„No i masz Babo placek”
Czy znacie to powiedzenie? Zapewne tak. Kiedy go używamy? Najczęściej w sytuacjach nieszczęśliwych dla nas, kiedy jesteśmy zaskoczeni biegiem sprawy i kiedy znajdujemy się w okolicznościach dla nas niesprzyjających i kłopotliwych.
Taką niepożądaną sytuacją jest m.in i ta, gdy oczekujemy zapłaty należnej nam kwoty np. od kontrahenta, czy od osoby, której pożyczyliśmy pieniądze, a nie otrzymujemy tego co się nam należy. Wówczas kontrahent przestaje być kontrahentem, znajomy przestaje być znajomym, a staje się naszym dłużnikiem.
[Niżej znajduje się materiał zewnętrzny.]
lemma cell_fun_address_pos_mono:
  assumes "u \<in> {0..<1}" "k \<le> m" "0 < cell_fun (address m u) x"
  shows "0 < cell_fun (address k u) x"
  using assms(2,3)
proof (induction m rule: dec_induct)
  case (step m)
  obtain i where "address (Suc m) u = i # address m u" using address_Suc[OF assms(1)] .
  then show ?case
    using step cell_fun_nonneg[of "address m u" x] pou_nonneg[of "length (address m u)" i x]
    by (auto simp: zero_less_mult_iff)
qed

definition sample :: "nat list \<Rightarrow> 'a" where
  "sample w = (SOME x. 0 < cell_fun w x)"

lemma cell_fun_sample_pos: "0 < mass w \<Longrightarrow> 0 < cell_fun w (sample w)"
  unfolding sample_def using mass_pos_imp_cell_fun_pos by (rule someI_ex)

definition approx_point :: "nat \<Rightarrow> real \<Rightarrow> 'a" where
  "approx_point k u = sample (address k u)"

lemma cell_fun_approx_point_pos: "u \<in> {0..<1} \<Longrightarrow> 0 < cell_fun (address k u) (approx_point k u)"
  unfolding approx_point_def by (intro cell_fun_sample_pos mass_address_pos)

lemma dist_approx_point:
  assumes "u \<in> {0..<1}" "Suc k \<le> m"
  shows "dist (approx_point m u) (approx_point (Suc k) u) < 4 * mesh k"
proof -
  obtain i where i: "address (Suc k) u = i # address k u" using address_Suc[OF assms(1)] .
  have "0 < cell_fun (i # address k u) (approx_point m u)"
    using cell_fun_address_pos_mono[OF assms cell_fun_approx_point_pos[OF assms(1)]] i by simp
  moreover have "0 < cell_fun (i # address k u) (approx_point (Suc k) u)"
    using cell_fun_approx_point_pos[OF assms(1), of "Suc k"] i by simp
  ultimately show ?thesis
    using cell_fun_Cons_pos_imp_dist length_words[OF address_in_words[OF assms(1)]] by fastforce
qed

lemma Cauchy_approx_point:
  assumes "u \<in> {0..<1}"
  shows "Cauchy (\<lambda>k. approx_point k u)"
proof (rule metric_CauchyI)
  fix e :: real assume "0 < e"
  then obtain k where "\<forall>n\<ge>k. norm (mesh n - 0) < e / 8"
    using LIMSEQ_D[OF mesh_tendsto_0, of "e / 8"] by auto
  then have k: "mesh k < e / 8" using mesh_pos[of k] by auto
  show "\<exists>N. \<forall>m\<ge>N. \<forall>n\<ge>N. dist (approx_point m u) (approx_point n u) < e"
  proof (intro exI allI impI)
    fix m n assume "Suc k \<le> m" "Suc k \<le> n"
    then have "dist (approx_point m u) (approx_point (Suc k) u) < 4 * mesh k"
      "dist (approx_point n u) (approx_point (Suc k) u) < 4 * mesh k"
      using dist_approx_point[OF assms] by blast+
    then show "dist (approx_point m u) (approx_point n u) < e"
      using dist_triangle2[of "approx_point m u" "approx_point n u" "approx_point (Suc k) u"] k
      by linarith
  qed
qed

definition limit_point :: "real \<Rightarrow> 'a" where
  "limit_point u = lim (\<lambda>k. approx_point k u)"

lemma approx_point_tendsto: "u \<in> {0..<1} \<Longrightarrow> (\<lambda>k. approx_point k u) \<longlonglongrightarrow> limit_point u"
proof -
  assume "u \<in> {0..<1}"
  have "Topological_Spaces.complete (UNIV :: 'a set)"
    by (rule compact_imp_complete[OF compact_space])
  then obtain l where "(\<lambda>k. approx_point k u) \<longlonglongrightarrow> l"
    by (rule completeE) (use Cauchy_approx_point[OF \<open>u \<in> {0..<1}\<close>] in auto)
  then show ?thesis unfolding limit_point_def by (simp add: limI)
qed

lemma dist_limit_point:
  assumes "u \<in> {0..<1}"
  shows "dist (limit_point u) (approx_point (Suc k) u) \<le> 4 * mesh k"
proof (rule LIMSEQ_le_const2)
  show "(\<lambda>m. dist (approx_point m u) (approx_point (Suc k) u))
      \<longlonglongrightarrow> dist (limit_point u) (approx_point (Suc k) u)"
    by (intro tendsto_dist approx_point_tendsto[OF assms] tendsto_const)
  show "\<exists>N. \<forall>m\<ge>N. dist (approx_point m u) (approx_point (Suc k) u) \<le> 4 * mesh k"
    using dist_approx_point[OF assms] less_imp_le by blast
qed

lemma measurable_address: "address k \<in> measurable uniform01 (count_space UNIV)"
  unfolding measurable_count_space_eq2_countable
proof (intro conjI ballI)
  fix w
  show "address k -` {w} \<inter> space uniform01 \<in> sets uniform01"
  proof (cases "w \<in> words k")
    case True
    have "address k -` {w} \<inter> space uniform01 = cell w"
    proof (intro set_eqI iffI)
      fix u assume "u \<in> address k -` {w} \<inter> space uniform01"
      then show "u \<in> cell w" using mem_cell_address[of u k] by (auto simp: space_uniform01)
    next
      fix u assume "u \<in> cell w"
      moreover from this have "u \<in> {0..<1}" using cell_subset_unit[OF True] by blast
      ultimately show "u \<in> address k -` {w} \<inter> space uniform01"
        using address_eqI[OF _ True] by (simp add: space_uniform01)
    qed
    then show ?thesis
      using cell_subset_unit[OF True] by (simp add: sets_uniform01 cell_def)
  next
    case False
    then have "address k -` {w} \<inter> space uniform01 = {}"
      using address_in_words[of _ k] by (auto simp: space_uniform01)
    then show ?thesis by simp
  qed
qed simp

lemma measurable_approx_point: "approx_point k \<in> borel_measurable uniform01"
  unfolding approx_point_def[abs_def] by (rule measurable_compose[OF measurable_address]) simp

lemma measurable_limit_point: "limit_point \<in> borel_measurable uniform01"
  by (rule borel_measurable_LIMSEQ_metric[OF measurable_approx_point approx_point_tendsto])
    (simp add: space_uniform01)

lemma cell_in_sets_uniform01: "w \<in> words k \<Longrightarrow> cell w \<in> sets uniform01"
  using cell_subset_unit[of w k] by (simp add: sets_uniform01 cell_def)

lemma measure_uniform01_cell: "w \<in> words k \<Longrightarrow> measure uniform01 (cell w) = mass w"
proof -
  assume "w \<in> words k"
  then have "measure uniform01 (cell w) = measure lborel (cell w)"
    unfolding uniform01_def using cell_subset_unit[of w k]
    by (intro measure_restrict_space) (auto simp: cell_def)
  then show ?thesis by (simp add: cell_def mass_nonneg)
qed

lemma approx_point_eq_sum_indicator:
  fixes f :: "'a \<Rightarrow> real"
  assumes "u \<in> {0..<1}"
  shows "f (approx_point k u) = (\<Sum>w\<in>words k. f (sample w) * indicator (cell w) u)"
proof -
  have "u \<in> cell w \<longleftrightarrow> w = address k u" if "w \<in> words k" for w
    using address_eqI[OF assms that] mem_cell_address[OF assms, of k] by blast
  then have "(\<Sum>w\<in>words k. f (sample w) * indicator (cell w) u)
      = (\<Sum>w\<in>words k. if w = address k u then f (sample w) else 0)"
    by (intro sum.cong) (simp_all add: indicator_def)
  also have "\<dots> = f (approx_point k u)"
    by (simp add: sum.delta[OF finite_words] address_in_words[OF assms] approx_point_def)
  finally show ?thesis by simp
qed

lemma integral_approx_point:
  fixes f :: "'a \<Rightarrow> real"
  shows "(\<integral>u. f (approx_point k u) \<partial>uniform01) = (\<Sum>w\<in>words k. f (sample w) * mass w)"
proof -
  interpret prob_space uniform01 by (rule prob_space_uniform01)
  have "(\<integral>u. f (approx_point k u) \<partial>uniform01)
      = (\<integral>u. (\<Sum>w\<in>words k. f (sample w) * indicator (cell w) u) \<partial>uniform01)"
    using approx_point_eq_sum_indicator
    by (intro Bochner_Integration.integral_cong) (simp_all add: space_uniform01)
  also have "\<dots> = (\<Sum>w\<in>words k. (\<integral>u. f (sample w) * indicator (cell w) u \<partial>uniform01))"
    using cell_in_sets_uniform01 emeasure_finite
    by (intro Bochner_Integration.integral_sum) (simp add: less_top[symmetric])
  also have "\<dots> = (\<Sum>w\<in>words k. f (sample w) * mass w)"
    using cell_in_sets_uniform01 measure_uniform01_cell by (intro sum.cong) simp_all
  finally show ?thesis .
qed

lemma abs_diff_sum_cell_fun_le:
  assumes "C-lipschitz_on UNIV f"
  shows "\<bar>f x - (\<Sum>w\<in>words (Suc k). f (sample w) * cell_fun w x)\<bar> \<le> C * (4 * mesh k)"
proof -
  have "f x - (\<Sum>w\<in>words (Suc k). f (sample w) * cell_fun w x)
      = (\<Sum>w\<in>words (Suc k). (f x - f (sample w)) * cell_fun w x)"
    using sum_cell_fun_words[of x "Suc k"]
    by (simp add: left_diff_distrib sum_subtractf sum_distrib_left[symmetric])
  also have "\<bar>\<dots>\<bar> \<le> (\<Sum>w\<in>words (Suc k). C * (4 * mesh k) * cell_fun w x)"
  proof (rule order_trans[OF sum_abs sum_mono])
    fix w assume w: "w \<in> words (Suc k)"
    show "\<bar>(f x - f (sample w)) * cell_fun w x\<bar> \<le> C * (4 * mesh k) * cell_fun w x"
    proof (cases "0 < cell_fun w x")
      case True
      obtain i v where v: "w = i # v" "v \<in> words k" using w by auto
      have "0 < cell_fun w (sample w)" using True by (auto simp: sample_def intro: someI)
      then have "dist x (sample w) \<le> 4 * mesh k"
        using cell_fun_Cons_pos_imp_dist[of i v x "sample w"] True v length_words by fastforce
      then have "\<bar>f x - f (sample w)\<bar> \<le> C * (4 * mesh k)"
        using assms lipschitz_on_nonneg[OF assms] unfolding lipschitz_on_UNIV_real_iff
        by (meson mult_left_mono order_trans)
      then show ?thesis using cell_fun_nonneg[of w x] by (simp add: abs_mult mult_right_mono)
    qed (use cell_fun_nonneg[of w x] in simp)
  qed
  also have "\<dots> = C * (4 * mesh k)"
    using sum_cell_fun_words[of x "Suc k"] by (simp add: sum_distrib_left[symmetric])
  finally show ?thesis .
qed

lemma abs_\<Phi>_diff_sum_le:
  assumes "C-lipschitz_on UNIV f"
  shows "\<bar>\<Phi> f - (\<Sum>w\<in>words (Suc k). f (sample w) * mass w)\<bar> \<le> C * (4 * mesh k)"
proof -
  define g where "g x = (\<Sum>w\<in>words (Suc k). f (sample w) * cell_fun w x)" for x
  have lf: "lipschitz f" using assms by (rule lipschitzI)
  have lg: "lipschitz g"
    unfolding g_def[abs_def] by (intro lipschitz_sum lipschitz_cmult lipschitz_cell_fun)
  have \<Phi>g: "\<Phi> g = (\<Sum>w\<in>words (Suc k). f (sample w) * mass w)"
    unfolding g_def[abs_def] mass_def
    by (simp add: \<Phi>_sum finite_words lipschitz_cmult lipschitz_cell_fun \<Phi>_cmult)
  note close = abs_diff_sum_cell_fun_le[OF assms, of _ k, folded g_def]
  have "f x \<le> g x + C * (4 * mesh k)" for x using close[of x] by (simp add: abs_le_iff)
  then have "\<Phi> f \<le> \<Phi> (\<lambda>x. g x + C * (4 * mesh k))"
    by (intro \<Phi>_mono lf lg lipschitz_add lipschitz_const)
  moreover have "g x \<le> f x + C * (4 * mesh k)" for x using close[of x] by (simp add: abs_le_iff)
  then have "\<Phi> g \<le> \<Phi> (\<lambda>x. f x + C * (4 * mesh k))"
    by (intro \<Phi>_mono lf lg lipschitz_add lipschitz_const)
  ultimately show ?thesis
    unfolding \<Phi>_add_const[OF lf] \<Phi>_add_const[OF lg] \<Phi>g by (simp add: abs_le_iff)
qed

lemma abs_integral_limit_point_minus_approx_point_le:
  assumes "C-lipschitz_on UNIV f"
  shows "\<bar>(\<integral>u. f (limit_point u) \<partial>uniform01) - (\<integral>u. f (approx_point (Suc k) u) \<partial>uniform01)\<bar>
    \<le> C * (4 * mesh k)"
proof -
  interpret prob_space uniform01 by (rule prob_space_uniform01)
  have meas: "f \<in> borel_measurable borel" by (rule lipschitz_on_UNIV_borel_measurable[OF assms])
  obtain B where B: "\<And>x. \<bar>f x\<bar> \<le> B"
    using lipschitz_bounded[OF compact_space lipschitzI[OF assms]] by blast
  have int: "integrable uniform01 (\<lambda>u. f (g u))" if "g \<in> borel_measurable uniform01" for g
    using B measurable_compose[OF that meas] by (intro integrable_const_bound[where B=B]) auto
  have int_lim: "integrable uniform01 (\<lambda>u. f (limit_point u))"
    and int_approx: "integrable uniform01 (\<lambda>u. f (approx_point (Suc k) u))"
    using int measurable_limit_point measurable_approx_point by blast+
  have "\<bar>(\<integral>u. f (limit_point u) - f (approx_point (Suc k) u) \<partial>uniform01) - 0\<bar> \<le> C * (4 * mesh k)"
  proof (rule abs_integral_diff_const_le)
    show "integrable uniform01 (\<lambda>u. f (limit_point u) - f (approx_point (Suc k) u))"
      using int_lim int_approx by (rule Bochner_Integration.integrable_diff)
    fix u assume "u \<in> space uniform01"
    then have "dist (limit_point u) (approx_point (Suc k) u) \<le> 4 * mesh k"
      by (simp add: space_uniform01 dist_limit_point)
    then have "C * dist (limit_point u) (approx_point (Suc k) u) \<le> C * (4 * mesh k)"
      using lipschitz_on_nonneg[OF assms] by (rule mult_left_mono)
    moreover have "\<bar>f (limit_point u) - f (approx_point (Suc k) u)\<bar>
        \<le> C * dist (limit_point u) (approx_point (Suc k) u)"
      using assms unfolding lipschitz_on_UNIV_real_iff by blast
    ultimately show "\<bar>f (limit_point u) - f (approx_point (Suc k) u) - 0\<bar> \<le> C * (4 * mesh k)"
      by simp
  qed
  then show ?thesis
    using Bochner_Integration.integral_diff[OF int_lim int_approx] by simp
qed

definition representing_measure :: "'a measure" where
  "representing_measure = distr uniform01 borel limit_point"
Co robić żeby odzyskać nasze należności?
Na pewno działać, z chowania głowy w piasek, z siedzenia i narzekania nic nie wynika.
Warto rozmawiać.
Jeżeli minął termin zapłaty kwoty, która nam się należy, na początku warto porozmawiać dlaczego dłużnik nie spełnia swojego zobowiązania. Może być przecież taka sytuacja, że zapomniał, zgubił fakturę lub tym podobne. Po krótkiej rozmowie i wyjaśnieniu sprawy często następuje zapłata określonej kwoty i wówczas mamy sprawę załatwioną.
Oczywiście nie zawsze tak się zdarza, ale rozmowa jest potrzebna, bo można uzgodnić nowy termin płatności, doliczyć odsetki za zwłokę i w ten oto sposób dogadamy się z naszym dłużnikiem.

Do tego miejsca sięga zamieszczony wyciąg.